Cromosfera solar visible durante un eclipse total (Wikipedia)
La cromosfera o “esfera de color” es exterior que la fotosfera, dando comienzo donde esta acaba. Es una capa transparente, difícil de observar por dicha razón, y es más caliente (10.000 K) y de mayor espesor (2.000-3.000 km) que la fotosfera. Con equipos adecuados y filtrando otras longitudes de onda, se puede observar un intenso color rojo correspondiente a una de las líneas características (línea H-alfa) del espectro del hidrógeno, principal componente del Sol. Las características más llamativas de la cromosfera se hacen visibles en el limbo solar a modo de pequeñas espículas y, fundamentalmente, de protuberancias correspondientes a erupciones solares.
Para observar la cromosfera solar será necesario, por lo tanto, un equipo especialmente diseñado para ello: un telescopio solar (algunas marcas conocidas: LUNT, Coronado).
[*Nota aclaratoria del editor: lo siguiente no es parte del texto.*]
lemma int_near_non_integer:
  fixes c :: int and x :: real
  assumes "\<bar>of_int c - x\<bar> \<le> 1" "x \<notin> \<int>"
  shows "c = \<lceil>x\<rceil> \<or> c = \<lceil>x\<rceil> - 1"
proof -
  have "x \<noteq> of_int (c - 1)" "x \<noteq> of_int (c + 1)"
    using assms(2) by (metis Ints_of_int)+
  then have "x - 1 < of_int c" "of_int c < x + 1"
    using assms(1) by (auto simp: abs_le_iff)
  then have "\<lceil>x\<rceil> \<le> c + 1" "c \<le> \<lceil>x\<rceil>"
    by (auto simp: ceiling_le_iff le_ceiling_iff)
  then show ?thesis by auto
qed

lemma irrational_mult_not_Ints:
  assumes "\<alpha> \<notin> \<rat>" "n \<noteq> 0"
  shows "real n * \<alpha> \<notin> \<int>"
proof
  assume "real n * \<alpha> \<in> \<int>"
  then have "real n * \<alpha> / real n \<in> \<rat>"
    using Ints_subset_Rats by (intro Rats_divide) auto
  with assms show False by simp
qed

lemma balanced_occ_ceiling:
  assumes "C_balanced 1 w" "(\<lambda>n. real (occ w x 0 n) / real n) \<longlonglongrightarrow> \<alpha>" "\<alpha> \<notin> \<rat>" "n \<noteq> 0"
  shows "int (occ w x i n) = \<lceil>real n * \<alpha>\<rceil> \<or> int (occ w x i n) = \<lceil>real n * \<alpha>\<rceil> - 1"
  using balanced_occ_near_freq[OF assms(1,2)] irrational_mult_not_Ints[OF assms(3,4)]
  by (intro int_near_non_integer) simp_all

lemma floor_one_minus_mult: "\<lfloor>(1 - \<alpha>) * real n\<rfloor> = int n - \<lceil>real n * \<alpha>\<rceil>"
proof -
  have "(1 - \<alpha>) * real n = - (real n * \<alpha>) + of_int (int n)"
    by (simp add: algebra_simps)
  then have "\<lfloor>(1 - \<alpha>) * real n\<rfloor> = \<lfloor>- (real n * \<alpha>)\<rfloor> + int n"
    by (metis floor_add_int)
  then show ?thesis
    by (simp add: ceiling_def)
qed

section \<open>The colouring\<close>

fun colour_list :: "'a \<Rightarrow> 'a list \<Rightarrow> nat list \<Rightarrow> nat list" where
  "colour_list a [] ys = []"
| "colour_list a (x # xs) ys =
     (if x = a then 1 # colour_list a xs ys else hd ys # colour_list a xs (tl ys))"

locale binary_colouring =
  fixes u :: "nat \<Rightarrow> 'a" and a b :: 'a and bb :: "nat \<Rightarrow> nat"
  assumes a_neq_b: "a \<noteq> b" and u_binary: "\<And>i. u i = a \<or> u i = b"
    and u_balanced: "C_balanced 1 u"
    and bb_binary: "\<And>i. bb i = 2 \<or> bb i = 3" and bb_balanced: "C_balanced 1 bb"
begin

definition v :: "nat \<Rightarrow> nat" where
  "v = colour u a (\<lambda>_. 1) bb"

definition b_before :: "nat \<Rightarrow> nat" where
  "b_before i = occ u b 0 i"

lemma v_eq: "v i = (if u i = a then 1 else bb (b_before i))"
  using u_binary[of i] by (auto simp: v_def colour_def b_before_def occ_def)

lemma b_before_0 [simp]: "b_before 0 = 0"
  by (simp add: b_before_def)

lemma b_before_Suc: "b_before (Suc i) = b_before i + (if u i = b then 1 else 0)"
  by (simp add: b_before_def occ_Suc)

lemma occ_v:
  "occ v z i n = (if z = 1 then occ u a i n else occ bb z (b_before i) (occ u b i n))"
proof (induction n arbitrary: i)
  case (Suc n)
  show ?case
  proof (cases "u i = a")
    case True
    then have "u i \<noteq> b" "v i = 1" using a_neq_b v_eq[of i] by simp_all
    with True show ?thesis
      using Suc[of "Suc i"] by (simp add: occ_Suc_left b_before_Suc)
  next
    case False
    then have "u i = b" "v i = bb (b_before i)" "bb (b_before i) \<noteq> 1"
      using u_binary[of i] bb_binary[of "b_before i"] v_eq[of i] by auto
    with False show ?thesis
      using Suc[of "Suc i"] by (simp add: occ_Suc_left b_before_Suc)
  qed
qed simp

lemma colour_balanced_2: "C_balanced 2 v"
  unfolding C_balanced_def
proof (intro allI impI)
  fix n xs ys z
  assume "xs \<in> factors v n" "ys \<in> factors v n"
  then obtain i j where "xs = factor_at v i n" "ys = factor_at v j n"
    by (auto simp: mem_factors_iff)
  then have xs: "count_list xs z = occ v z i n" and ys: "count_list ys z = occ v z j n"
    by (simp_all add: occ_def)
  have "\<bar>int (occ u b i n) - int (occ u b j n)\<bar> \<le> 1"
    using balanced_occ_diff[OF u_balanced] by simp
  then have "occ u b j n \<le> occ u b i n + 1" "occ u b i n \<le> occ u b j n + 1"
    by auto
  then show "\<bar>int (count_list xs z) - int (count_list ys z)\<bar> \<le> int 2"
    using balanced_occ_diff[OF u_balanced, of a i n j] balanced_occ_diff_length[OF bb_balanced]
    unfolding xs ys occ_v by auto
qed

lemma parikh_factor_v:
  "parikh (factor_at v i n) =
     (let k = occ u b i n; d = occ bb 3 (b_before i) k in
      (\<lambda>z. if z = 1 then n - k else if z = 3 then d else if z = 2 then k - d else 0))"
  unfolding parikh_def Let_def occ_def[symmetric] occ_v
  using binary_occ_complement[where w = u, OF u_binary a_neq_b]
    binary_occ_complement[where w = bb, OF bb_binary] binary_occ_other[where w = bb, OF bb_binary]
  by (intro ext) auto

text \<open>A Parikh vector of a factor of \<open>v\<close> is determined by the number of \<open>b\<close>s of the underlying factor
  of \<open>u\<close> and the number of \<open>3\<close>s among them, and each of these takes only two values.\<close>

lemma colour_abelian_complexity: "abelian_complexity v n \<le> 4"
proof -
  define \<phi> where "\<phi> k d = (\<lambda>z::nat. if z = 1 then n - k else if z = 3 then d else if z = 2 then k - d else 0)"
    for k d
  obtain m where m: "\<And>i. occ u b i n \<in> {m, m + 1}"
    using balanced_occ_values[OF u_balanced] by blast
  have "\<exists>d. \<forall>p. occ bb 3 p k \<in> {d, d + 1}" for k
    using balanced_occ_values[OF bb_balanced] by metis
  then obtain d where d: "\<And>k p. occ bb 3 p k \<in> {d k, d k + 1}"
    by metis
  have "parikh ` factors v n \<subseteq> {\<phi> m (d m), \<phi> m (d m + 1), \<phi> (m + 1) (d (m + 1)), \<phi> (m + 1) (d (m + 1) + 1)}"
  proof
    fix P assume "P \<in> parikh ` factors v n"
    then obtain i where "P = parikh (factor_at v i n)"
      by (auto simp: mem_factors_iff)
    then have "P = \<phi> (occ u b i n) (occ bb 3 (b_before i) (occ u b i n))"
      unfolding parikh_factor_v \<phi>_def Let_def by simp
    then show "P \<in> {\<phi> m (d m), \<phi> m (d m + 1), \<phi> (m + 1) (d (m + 1)), \<phi> (m + 1) (d (m + 1) + 1)}"
      using m[of i] d[of "b_before i" m] d[of "b_before i" "m + 1"] by auto
  qed
  then have "card (parikh ` factors v n) \<le> card {\<phi> m (d m), \<phi> m (d m + 1), \<phi> (m + 1) (d (m + 1)), \<phi> (m + 1) (d (m + 1) + 1)}"
    by (rule card_mono[rotated]) simp
  also have "\<dots> \<le> 4"
    by (simp add: card_insert_if)
  finally show ?thesis
    by (simp add: abelian_complexity_def)
qed
(* Let $u$ be a convex function on an open convex set $\Omega\subset\mathbb{R}^2$. Then for every $x\in\Omega$, \[ |\partial u(x)| = \int_0^{2\pi}\frac12\left(R_+(x,\theta)^2-R_-(x,\theta)^2\right)^+\,d\theta, \] where \[ R_+(x,\theta)=\inf_{\theta'\in(\theta-\frac\pi2,\theta+\frac\pi2)}\frac{(\partial_{\theta'}u(x))^+}{\cos(\theta-\theta')},\qquad R_-(x,\theta)=\sup_{\theta'\in(\theta-\frac\pi2,\theta+\frac\pi2)}\frac{(-\partial_{\theta'+\pi}u(x))^+}{\cos(\theta-\theta')}. \]
   Context: $|\cdot|$ denotes Lebesgue measure on $\mathbb{R}^2$; $\partial u(x)=\{p\in\mathbb{R}^2: u(z)\ge u(x)+p\cdot(z-x)\ \forall z\in\Omega\}$ is the subgradient. For $\theta\in\mathbb{R}$, $e_\theta=(\cos\theta,\sin\theta)$ and $\partial_\theta u(x)=\lim_{r\to0^+}\frac{u(x+re_\theta)-u(x)}{r}$ is the one-sided directional derivative. For real $a$, $a^+=\max\{a,0\}$. *)

theory Defs
  imports "HOL-Analysis.Analysis"
begin

definition evec :: "real \<Rightarrow> real^2" where
  "evec \<theta> = vector [cos \<theta>, sin \<theta>]"

definition subgrad :: "(real^2 \<Rightarrow> real) \<Rightarrow> (real^2) set \<Rightarrow> real^2 \<Rightarrow> (real^2) set" where
  "subgrad u \<Omega> x = {p. \<forall>z\<in>\<Omega>. u z \<ge> u x + p \<bullet> (z - x)}"

definition dirderiv :: "(real^2 \<Rightarrow> real) \<Rightarrow> real^2 \<Rightarrow> real \<Rightarrow> real" where
  "dirderiv u x \<theta> = Lim (at_right 0) (\<lambda>r. (u (x + r *\<^sub>R evec \<theta>) - u x) / r)"
lemma threshold_risk_unit_threshold_zero_le:
  assumes "exp 1 \<le> r" "0 \<le> q"
  shows "threshold_risk q (unit_threshold q r) 0
           \<le> ennreal (2 * 2 powr q * ((2 + q) powr (q / 2) + sigma_q_pow 1 q) / r)"
proof -
  define T where "T = unit_threshold q r"
  define M where "M = sigma_q_pow 1 q"
  have "0 < r" "1 \<le> ln r"
    using assms(1) one_le_ln_if_exp_one_le by (auto intro: order_less_le_trans[OF exp_gt_zero])
  have "0 \<le> M"
    by (simp add: M_def)
  have "ln r powr (- q / 2) \<le> 1"
    using powr_mono[of "- q / 2" 0 "ln r"] \<open>1 \<le> ln r\<close> assms(2) by simp
  have "T powr q * ln r powr (- q / 2) + M * ln r powr (- q / 2) \<le> (2 + q) powr (q / 2) + M"
    using unit_threshold_powr_mult_le[OF assms] \<open>ln r powr (- q / 2) \<le> 1\<close> \<open>0 \<le> M\<close>
    by (intro add_mono) (simp_all add: T_def mult_left_le)
  then have "2 * 2 powr q * (T powr q * ln r powr (- q / 2) + M * ln r powr (- q / 2)) / r
               \<le> 2 * 2 powr q * ((2 + q) powr (q / 2) + M) / r"
    using \<open>0 < r\<close> by (intro divide_right_mono mult_left_mono) simp_all
  moreover have "threshold_risk q T 0 \<le> ennreal (2 * 2 powr q * exp (- T\<^sup>2 / 2) * (T powr q + M))"
    using threshold_risk_zero_le[OF assms(2) unit_threshold_nonneg[OF assms]] by (simp add: T_def M_def)
  moreover have "2 * 2 powr q * exp (- T\<^sup>2 / 2) * (T powr q + M)
                   = 2 * 2 powr q * (T powr q * ln r powr (- q / 2) + M * ln r powr (- q / 2)) / r"
    using exp_neg_unit_threshold_sq[OF assms] by (simp add: T_def algebra_simps)
  ultimately show ?thesis
    by (metis T_def M_def ennreal_leI order_trans)
qed

lemma threshold_risk_unit_threshold_le_log:
  assumes "exp 1 \<le> r" "0 < q"
  shows "threshold_risk q (unit_threshold q r) c
           \<le> ennreal (sigma_q_pow 1 q + 2 * (4 * q) powr (q / 2) + 2 powr q * (2 + q) powr (q / 2) * ln r powr (q / 2))"
proof -
  have "threshold_risk q (unit_threshold q r) c
          \<le> ennreal (sigma_q_pow 1 q + 2 * (4 * q) powr (q / 2) + 2 powr q * unit_threshold q r powr q)"
    using assms by (intro threshold_risk_le_uniform unit_threshold_nonneg) simp_all
  also have "\<dots> \<le> ennreal (sigma_q_pow 1 q + 2 * (4 * q) powr (q / 2) + 2 powr q * (2 + q) powr (q / 2) * ln r powr (q / 2))"
    using unit_threshold_powr_le[of r q] assms by (intro ennreal_leI) (simp add: mult.assoc)
  finally show ?thesis .
qed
Por una parte estará suficientemente protegido de forma permanente desde el propio objetivo. Por otra, estará dotado de un sistema de filtros que permitan el ajuste de longitud de onda lo más exacto posible para captar la línea H-alfa del hidrógeno. Como en el caso de la corona solar, la cromosfera puede hacerse visible durante los eclipses solares totales.